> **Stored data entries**

(* Let $d=2$, write $z=(z_1,z_2)$, and for $r\ge2$ let $D_r=\{z\in\mathbb{R}^2:z_1\ge0,\ 2\le|z|\le r\}$. There exists a constant $c>0$ such that for all Borel $U:\mathbb{R}^2\to[0,\infty]$ and all $r\ge2$, $$\int_{D_r}K(1,z,(r,0))\,U(z)\,dz\le c\sup_{w\in\mathbb{R}^2}\int_{|z|\le2}U(z+w)\,dz,$$ where $K(1,z,(r,0))=e^{-\frac12 r(|z|-z_1)}\log\big(1+(r|z|)^{-1/2}\big)\mathbf 1_{|z|\le r}$. *)

theory Defs
  imports "HOL-Analysis.Analysis"
begin

definition D_region :: "real \<Rightarrow> (real^2) set" where
  "D_region r = {z. z$1 \<ge> 0 \<and> 2 \<le> norm z \<and> norm z \<le> r}"

definition K1 :: "real \<Rightarrow> real^2 \<Rightarrow> real" where
  "K1 r z = exp (- (1/2) * r * (norm z - z$1)) * ln (1 + (r * norm z) powr (-1/2))
            * indicator {y. norm y \<le> r} z"

end

theory Submission
  imports Defs
begin

text \<open>Cover the region by the unit cells \<open>cell m k\<close> with \<open>m \<le> r\<close>. Since
  \<open>r (|z| - z\<^sub>1) = r z\<^sub>2\<^sup>2 / (|z| + z\<^sub>1) \<ge> z\<^sub>2\<^sup>2 / 2\<close> and \<open>ln (1 + t) \<le> t\<close>, the kernel is at most
  \<open>exp (-k/4) / sqrt (r max m 1)\<close> on \<open>cell m k\<close>, and each cell lies in two discs of radius 2.
  Summing the geometric series over \<open>k\<close> and using \<open>\<Sum>m\<le>r. 1 / sqrt (r max m 1) \<le> 1/sqrt r + 2\<close>
  bounds the integral by a fixed multiple of the supremum of the disc integrals.\<close>

definition local_mass :: "('a::euclidean_space \<Rightarrow> ennreal) \<Rightarrow> ennreal" where
  "local_mass U = (SUP w. \<integral>\<^sup>+ z\<in>cball 0 2. U (z + w) \<partial>lborel)"

definition cell :: "nat \<Rightarrow> nat \<Rightarrow> (real^2) set" where
  "cell m k = {z. real m \<le> z$1 \<and> z$1 < real m + 1 \<and> real k \<le> \<bar>z$2\<bar> \<and> \<bar>z$2\<bar> < real k + 1}"

lemma nn_integral_cball_translate:
  fixes U :: "'a::euclidean_space \<Rightarrow> ennreal"
  assumes U: "U \<in> borel_measurable borel"
  shows "(\<integral>\<^sup>+ z. U z * indicator (cball c e) z \<partial>lborel) = (\<integral>\<^sup>+ z\<in>cball 0 e. U (z + c) \<partial>lborel)"
proof -
  have [measurable]: "cball c e \<in> sets borel" by simp
  have "(\<integral>\<^sup>+ z. U z * indicator (cball c e) z \<partial>lborel)
      = (\<integral>\<^sup>+ z. U z * indicator (cball c e) z \<partial>distr lborel borel ((+) c))"
    by (simp add: lborel_distr_plus)
  also have "\<dots> = (\<integral>\<^sup>+ z. U (c + z) * indicator (cball c e) (c + z) \<partial>lborel)"
    by (rule nn_integral_distr) (use U in measurable)
  also have "\<dots> = (\<integral>\<^sup>+ z\<in>cball 0 e. U (z + c) \<partial>lborel)"
    by (intro nn_integral_cong) (auto simp: indicator_def dist_norm add.commute)
  finally show ?thesis .
qed

lemma nn_integral_cball_le_local_mass:
  fixes U :: "'a::euclidean_space \<Rightarrow> ennreal"
  assumes "U \<in> borel_measurable borel"
  shows "(\<integral>\<^sup>+ z. U z * indicator (cball c 2) z \<partial>lborel) \<le> local_mass U"
  unfolding local_mass_def nn_integral_cball_translate[OF assms]
  by (rule SUP_upper) simp

lemma nn_integral_union_le:
  fixes U :: "'a \<Rightarrow> ennreal"
  assumes "U \<in> borel_measurable M" "A \<in> sets M" "B \<in> sets M"
  shows "(\<integral>\<^sup>+ z. U z * indicator (A \<union> B) z \<partial>M)
    \<le> (\<integral>\<^sup>+ z. U z * indicator A z \<partial>M) + (\<integral>\<^sup>+ z. U z * indicator B z \<partial>M)"
proof -
  have "(\<integral>\<^sup>+ z. U z * indicator (A \<union> B) z \<partial>M)
      \<le> (\<integral>\<^sup>+ z. U z * indicator A z + U z * indicator B z \<partial>M)"
    by (intro nn_integral_mono) (auto simp: indicator_def)
  also have "\<dots> = (\<integral>\<^sup>+ z. U z * indicator A z \<partial>M) + (\<integral>\<^sup>+ z. U z * indicator B z \<partial>M)"
    using assms by (intro nn_integral_add) auto
  finally show ?thesis .
qed

lemma cell_subset_two_cballs:
  "cell m k \<subseteq> cball (vector [real m + 1/2, real k + 1/2]) 2
             \<union> cball (vector [real m + 1/2, - real k - 1/2]) 2"
proof
  fix z assume z: "z \<in> cell m k"
  have "dist c z \<le> 2" if "\<bar>c$1 - z$1\<bar> \<le> 1" "\<bar>c$2 - z$2\<bar> \<le> 1" for c :: "real^2"
    using norm_le_l1_cart[of "c - z"] that by (simp add: dist_norm sum_2)
  then show "z \<in> cball (vector [real m + 1/2, real k + 1/2]) 2
             \<union> cball (vector [real m + 1/2, - real k - 1/2]) 2"
    using z by (cases "z$2 \<ge> 0") (auto simp: cell_def)
qed

lemma nn_integral_cell_le:
  assumes U: "U \<in> borel_measurable borel"
  shows "(\<integral>\<^sup>+ z. U z * indicator (cell m k) z \<partial>lborel) \<le> 2 * local_mass U"
proof -
  let ?c1 = "vector [real m + 1/2, real k + 1/2] :: real^2"
  let ?c2 = "vector [real m + 1/2, - real k - 1/2] :: real^2"
  have "(\<integral>\<^sup>+ z. U z * indicator (cell m k) z \<partial>lborel)
      \<le> (\<integral>\<^sup>+ z. U z * indicator (cball ?c1 2 \<union> cball ?c2 2) z \<partial>lborel)"
    using cell_subset_two_cballs[of m k]
    by (intro nn_integral_mono mult_left_mono) (auto simp: indicator_def)
  also have "\<dots> \<le> local_mass U + local_mass U"
    using U by (intro order.trans[OF nn_integral_union_le] add_mono
                      nn_integral_cball_le_local_mass) auto
  finally show ?thesis by (simp add: mult_2)
qed

lemma nn_integral_weighted_sum_le:
  fixes U :: "'a \<Rightarrow> ennreal" and a :: "'i \<Rightarrow> nat \<Rightarrow> ennreal"
  assumes "finite I" "U \<in> borel_measurable M" "\<And>i k. A i k \<in> sets M"
    and bound: "\<And>i k. (\<integral>\<^sup>+ z. U z * indicator (A i k) z \<partial>M) \<le> B"
  shows "(\<integral>\<^sup>+ z. (\<Sum>i\<in>I. \<Sum>k. a i k * (U z * indicator (A i k) z)) \<partial>M)
    \<le> (\<Sum>i\<in>I. \<Sum>k. a i k) * B"
proof -
  have "(\<integral>\<^sup>+ z. (\<Sum>i\<in>I. \<Sum>k. a i k * (U z * indicator (A i k) z)) \<partial>M)
      = (\<Sum>i\<in>I. \<Sum>k. a i k * (\<integral>\<^sup>+ z. U z * indicator (A i k) z \<partial>M))"
    using assms by (simp add: nn_integral_sum nn_integral_suminf nn_integral_cmult)
  also have "\<dots> \<le> (\<Sum>i\<in>I. \<Sum>k. a i k * B)"
    by (intro sum_mono suminf_le mult_left_mono bound summableI) auto
  finally show ?thesis by (simp add: sum_distrib_right)
qed

lemma snd_sq_le_norm_minus_fst:
  fixes z :: "real^2"
  assumes "0 \<le> z$1" "norm z \<le> r"
  shows "(z$2)\<^sup>2 \<le> 2 * r * (norm z - z$1)"
proof -
  have norm_sq: "(norm z)\<^sup>2 = (z$1)\<^sup>2 + (z$2)\<^sup>2"
    by (simp add: norm_eq_sqrt_inner inner_vec_def sum_2 power2_eq_square)
  have "z$1 \<le> norm z" using component_le_norm_cart[of z 1] by simp
  have "(z$2)\<^sup>2 = (norm z - z$1) * (norm z + z$1)"
    using norm_sq by (simp add: algebra_simps power2_eq_square)
  also have "\<dots> \<le> (norm z - z$1) * (2 * r)"
    using assms \<open>z$1 \<le> norm z\<close> by (intro mult_left_mono) auto
  finally show ?thesis by (simp add: algebra_simps)
qed

lemma K1_le_on_cell:
  assumes r: "r \<ge> 2" and z: "z \<in> D_region r" "z \<in> cell m k"
  shows "K1 r z \<le> exp (-1/4) ^ k / sqrt (r * max (real m) 1)"
proof -
  have x0: "0 \<le> z$1" and n2: "2 \<le> norm z" and nr: "norm z \<le> r"
    using z(1) by (auto simp: D_region_def)
  have k_le: "real k \<le> (z$2)\<^sup>2"
  proof -
    have "real k \<le> \<bar>z$2\<bar>" using z(2) by (simp add: cell_def)
    have "real k \<le> real k ^ 2" by (cases k) (auto simp: power2_eq_square)
    also have "\<dots> \<le> \<bar>z$2\<bar>\<^sup>2" using \<open>real k \<le> \<bar>z$2\<bar>\<close> by (intro power_mono) auto
    finally show ?thesis by simp
  qed
  have exp_le: "exp (- (1/2) * r * (norm z - z$1)) \<le> exp (-1/4) ^ k"
  proof -
    have "- (1/2) * r * (norm z - z$1) \<le> real k * (-1/4)"
      using snd_sq_le_norm_minus_fst[OF x0 nr] k_le by (simp add: algebra_simps)
    then show ?thesis by (metis exp_le_cancel_iff exp_of_nat_mult)
  qed
  have "max (real m) 1 \<le> norm z"
    using z(2) n2 component_le_norm_cart[of z 1] by (auto simp: cell_def)
  then have ln_le: "ln (1 + (r * norm z) powr (-1/2)) \<le> 1 / sqrt (r * max (real m) 1)"
  proof -
    have "ln (1 + (r * norm z) powr (-1/2)) \<le> (r * norm z) powr (-1/2)"
      by (rule ln_add_one_self_le_self) simp
    also have "\<dots> = 1 / sqrt (r * norm z)"
      using r n2 by (simp add: powr_minus_divide powr_half_sqrt)
    also have "\<dots> \<le> 1 / sqrt (r * max (real m) 1)"
      using \<open>max (real m) 1 \<le> norm z\<close> r n2
      by (intro divide_left_mono real_sqrt_le_mono mult_left_mono) (auto intro!: mult_pos_pos)
    finally show ?thesis .
  qed
  have "K1 r z = exp (- (1/2) * r * (norm z - z$1)) * ln (1 + (r * norm z) powr (-1/2))"
    using nr by (simp add: K1_def)
  also have "\<dots> \<le> exp (-1/4) ^ k * (1 / sqrt (r * max (real m) 1))"
    using exp_le ln_le r n2 by (intro mult_mono) auto
  finally show ?thesis by simp
qed

lemma D_region_covered_by_cells:
  assumes "z \<in> D_region r"
  obtains m k where "m \<le> nat \<lfloor>r\<rfloor>" "z \<in> cell m k"
proof
  have "0 \<le> z$1" "z$1 \<le> r"
    using assms component_le_norm_cart[of z 1] by (auto simp: D_region_def)
  then show "nat \<lfloor>z$1\<rfloor> \<le> nat \<lfloor>r\<rfloor>" "z \<in> cell (nat \<lfloor>z$1\<rfloor>) (nat \<lfloor>\<bar>z$2\<bar>\<rfloor>)"
    by (auto simp: cell_def intro: nat_mono floor_mono)
qed

lemma sum_inverse_sqrt_le: "(\<Sum>m=1..n. 1 / sqrt (real m)) \<le> 2 * sqrt (real n)"
proof (induction n)
  case 0
  then show ?case by simp
next
  case (Suc n)
  define s where "s = sqrt (real (Suc n))"
  define s' where "s' = sqrt (real n)"
  have s_pos: "0 < s" and s_sq: "s\<^sup>2 = real n + 1"
    by (simp_all add: s_def)
  have "(s' * s)\<^sup>2 \<le> (real n + 1/2)\<^sup>2"
    by (simp add: s_def s'_def power_mult_distrib algebra_simps power2_eq_square)
  then have "s' * s \<le> real n + 1/2"
    by (rule power2_le_imp_le) simp
  then have "1 \<le> (2 * s - 2 * s') * s"
    using s_sq by (simp add: algebra_simps power2_eq_square)
  then have step: "1 / s \<le> 2 * s - 2 * s'"
    using s_pos by (subst divide_le_eq) (auto simp: algebra_simps)
  show ?case
    using Suc.IH step by (simp add: s_def s'_def)
qed

lemma sum_cell_weights_le:
  assumes r: "r \<ge> 1"
  shows "(\<Sum>m\<le>nat \<lfloor>r\<rfloor>. 1 / sqrt (r * max (real m) 1)) \<le> 3"
proof -
  define n where "n = nat \<lfloor>r\<rfloor>"
  have "real n \<le> r"
    using r by (simp add: n_def)
  have factor: "(\<Sum>m\<le>n. 1 / sqrt (r * max (real m) 1)) = (\<Sum>m\<le>n. 1 / sqrt (max (real m) 1)) / sqrt r"
    by (simp add: real_sqrt_mult sum_divide_distrib mult.commute)
  have "(\<Sum>m\<le>n. 1 / sqrt (max (real m) 1)) = 1 + (\<Sum>m=1..n. 1 / sqrt (real m))"
    by (simp add: atMost_atLeast0 sum.atLeast_Suc_atMost)
  also have "\<dots> \<le> 1 + 2 * sqrt r"
    using sum_inverse_sqrt_le[of n] real_sqrt_le_mono[OF \<open>real n \<le> r\<close>] by linarith
  finally have "(\<Sum>m\<le>n. 1 / sqrt (r * max (real m) 1)) \<le> (1 + 2 * sqrt r) / sqrt r"
    unfolding factor using r by (simp add: divide_right_mono)
  also have "\<dots> = 1 / sqrt r + 2"
    using r by (simp add: field_simps)
  also have "\<dots> \<le> 3"
    using r by simp
  finally show ?thesis unfolding n_def .
qed

lemma suminf_ennreal_geometric_divide:
  fixes q b :: real
  assumes "0 \<le> q" "q < 1" "0 \<le> b"
  shows "(\<Sum>k. ennreal (q ^ k / b)) = ennreal (1 / ((1 - q) * b))"
proof -
  have "summable (\<lambda>k. q ^ k / b)"
    using assms by (intro summable_divide summable_geometric) simp
  then have "(\<Sum>k. ennreal (q ^ k / b)) = ennreal (\<Sum>k. q ^ k / b)"
    using assms by (intro suminf_ennreal2) auto
  also have "(\<Sum>k. q ^ k / b) = 1 / ((1 - q) * b)"
    using assms by (simp add: suminf_divide summable_geometric suminf_geometric)
  finally show ?thesis .
qed

lemma cell_borel [measurable]: "cell m k \<in> sets borel"
  unfolding cell_def by measurable

lemma K1_le_sum_over_cells:
  assumes r: "r \<ge> 2"
  shows "ennreal (K1 r z) * U z * indicator (D_region r) z
    \<le> (\<Sum>m\<le>nat \<lfloor>r\<rfloor>. \<Sum>k. ennreal (exp (-1/4) ^ k / sqrt (r * max (real m) 1))
                          * (U z * indicator (cell m k) z))"
    (is "_ \<le> (\<Sum>m\<le>nat \<lfloor>r\<rfloor>. \<Sum>k. ?t m k)")
proof (cases "z \<in> D_region r")
  case True
  then obtain m k where m: "m \<le> nat \<lfloor>r\<rfloor>" and z: "z \<in> cell m k"
    by (rule D_region_covered_by_cells)
  have "ennreal (K1 r z) * U z * indicator (D_region r) z \<le> ?t m k"
    using True z K1_le_on_cell[OF r True z] by (auto intro: mult_right_mono ennreal_leI)
  also have "\<dots> \<le> (\<Sum>k. ?t m k)"
    using sum_le_suminf[of "?t m" "{k}"] by simp
  also have "\<dots> \<le> (\<Sum>m\<le>nat \<lfloor>r\<rfloor>. \<Sum>k. ?t m k)"
    using m by (intro member_le_sum) auto
  finally show ?thesis .
qed simp

lemma nn_integral_K1_le:
  assumes U: "U \<in> borel_measurable borel" and r: "r \<ge> 2"
  shows "(\<integral>\<^sup>+ z\<in>D_region r. ennreal (K1 r z) * U z \<partial>lborel)
    \<le> ennreal (6 / (1 - exp (-1/4))) * local_mass U"
proof -
  define q :: real where "q = exp (-1/4)"
  have q: "0 \<le> q" "q < 1" by (simp_all add: q_def)
  define w where "w m k = ennreal (q ^ k / sqrt (r * max (real m) 1))" for m k
  have weights: "(\<Sum>m\<le>nat \<lfloor>r\<rfloor>. \<Sum>k. w m k) \<le> ennreal (3 / (1 - q))"
  proof -
    have "(\<Sum>m\<le>nat \<lfloor>r\<rfloor>. \<Sum>k. w m k)
        = (\<Sum>m\<le>nat \<lfloor>r\<rfloor>. ennreal (1 / ((1 - q) * sqrt (r * max (real m) 1))))"
      unfolding w_def using q r by (intro sum.cong refl suminf_ennreal_geometric_divide) auto
    also have "\<dots> = ennreal ((\<Sum>m\<le>nat \<lfloor>r\<rfloor>. 1 / sqrt (r * max (real m) 1)) / (1 - q))"
      using q r by (simp add: sum_ennreal sum_divide_distrib mult.commute)
    also have "\<dots> \<le> ennreal (3 / (1 - q))"
      using sum_cell_weights_le[of r] q r by (intro ennreal_leI divide_right_mono) auto
    finally show ?thesis .
  qed
  have "(\<integral>\<^sup>+ z\<in>D_region r. ennreal (K1 r z) * U z \<partial>lborel)
      \<le> (\<integral>\<^sup>+ z. (\<Sum>m\<le>nat \<lfloor>r\<rfloor>. \<Sum>k. w m k * (U z * indicator (cell m k) z)) \<partial>lborel)"
    unfolding w_def q_def by (intro nn_integral_mono K1_le_sum_over_cells r)
  also have "\<dots> \<le> (\<Sum>m\<le>nat \<lfloor>r\<rfloor>. \<Sum>k. w m k) * (2 * local_mass U)"
    using U by (intro nn_integral_weighted_sum_le nn_integral_cell_le) auto
  also have "\<dots> \<le> ennreal (3 / (1 - q)) * (2 * local_mass U)"
    using weights by (rule mult_right_mono) simp
  also have "\<dots> = ennreal (6 / (1 - q)) * local_mass U"
  proof -
    have "ennreal (3 / (1 - q)) * 2 = ennreal (6 / (1 - q))"
      using ennreal_mult''[of 2 "3 / (1 - q)"] by simp
    then show ?thesis by (metis mult.assoc)
  qed
  finally show ?thesis
    unfolding q_def .
qed

theorem lemma4p4:
  shows "\<exists>c::real. c > 0 \<and>
    (\<forall>(U :: real^2 \<Rightarrow> ennreal) (r::real). U \<in> borel_measurable borel \<longrightarrow> r \<ge> 2 \<longrightarrow>
       (\<integral>\<^sup>+ z\<in>D_region r. ennreal (K1 r z) * U z \<partial>lborel)
         \<le> ennreal c * (SUP w. \<integral>\<^sup>+ z\<in>cball 0 2. U (z + w) \<partial>lborel))"
  using nn_integral_K1_le unfolding local_mass_def
  by (intro exI[of _ "6 / (1 - exp (-1/4))"]) auto

end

> **WHAT IS REQUIRED**
The required output is the exact run of lines from the beginning of the records to the line with "of radius 2.", that line included.

> **ANSWER BOX**
(* Let $d=2$, write $z=(z_1,z_2)$, and for $r\ge2$ let $D_r=\{z\in\mathbb{R}^2:z_1\ge0,\ 2\le|z|\le r\}$. There exists a constant $c>0$ such that for all Borel $U:\mathbb{R}^2\to[0,\infty]$ and all $r\ge2$, $$\int_{D_r}K(1,z,(r,0))\,U(z)\,dz\le c\sup_{w\in\mathbb{R}^2}\int_{|z|\le2}U(z+w)\,dz,$$ where $K(1,z,(r,0))=e^{-\frac12 r(|z|-z_1)}\log\big(1+(r|z|)^{-1/2}\big)\mathbf 1_{|z|\le r}$. *)

theory Defs
  imports "HOL-Analysis.Analysis"
begin

definition D_region :: "real \<Rightarrow> (real^2) set" where
  "D_region r = {z. z$1 \<ge> 0 \<and> 2 \<le> norm z \<and> norm z \<le> r}"

definition K1 :: "real \<Rightarrow> real^2 \<Rightarrow> real" where
  "K1 r z = exp (- (1/2) * r * (norm z - z$1)) * ln (1 + (r * norm z) powr (-1/2))
            * indicator {y. norm y \<le> r} z"

end

theory Submission
  imports Defs
begin

text \<open>Cover the region by the unit cells \<open>cell m k\<close> with \<open>m \<le> r\<close>. Since
  \<open>r (|z| - z\<^sub>1) = r z\<^sub>2\<^sup>2 / (|z| + z\<^sub>1) \<ge> z\<^sub>2\<^sup>2 / 2\<close> and \<open>ln (1 + t) \<le> t\<close>, the kernel is at most
  \<open>exp (-k/4) / sqrt (r max m 1)\<close> on \<open>cell m k\<close>, and each cell lies in two discs of radius 2.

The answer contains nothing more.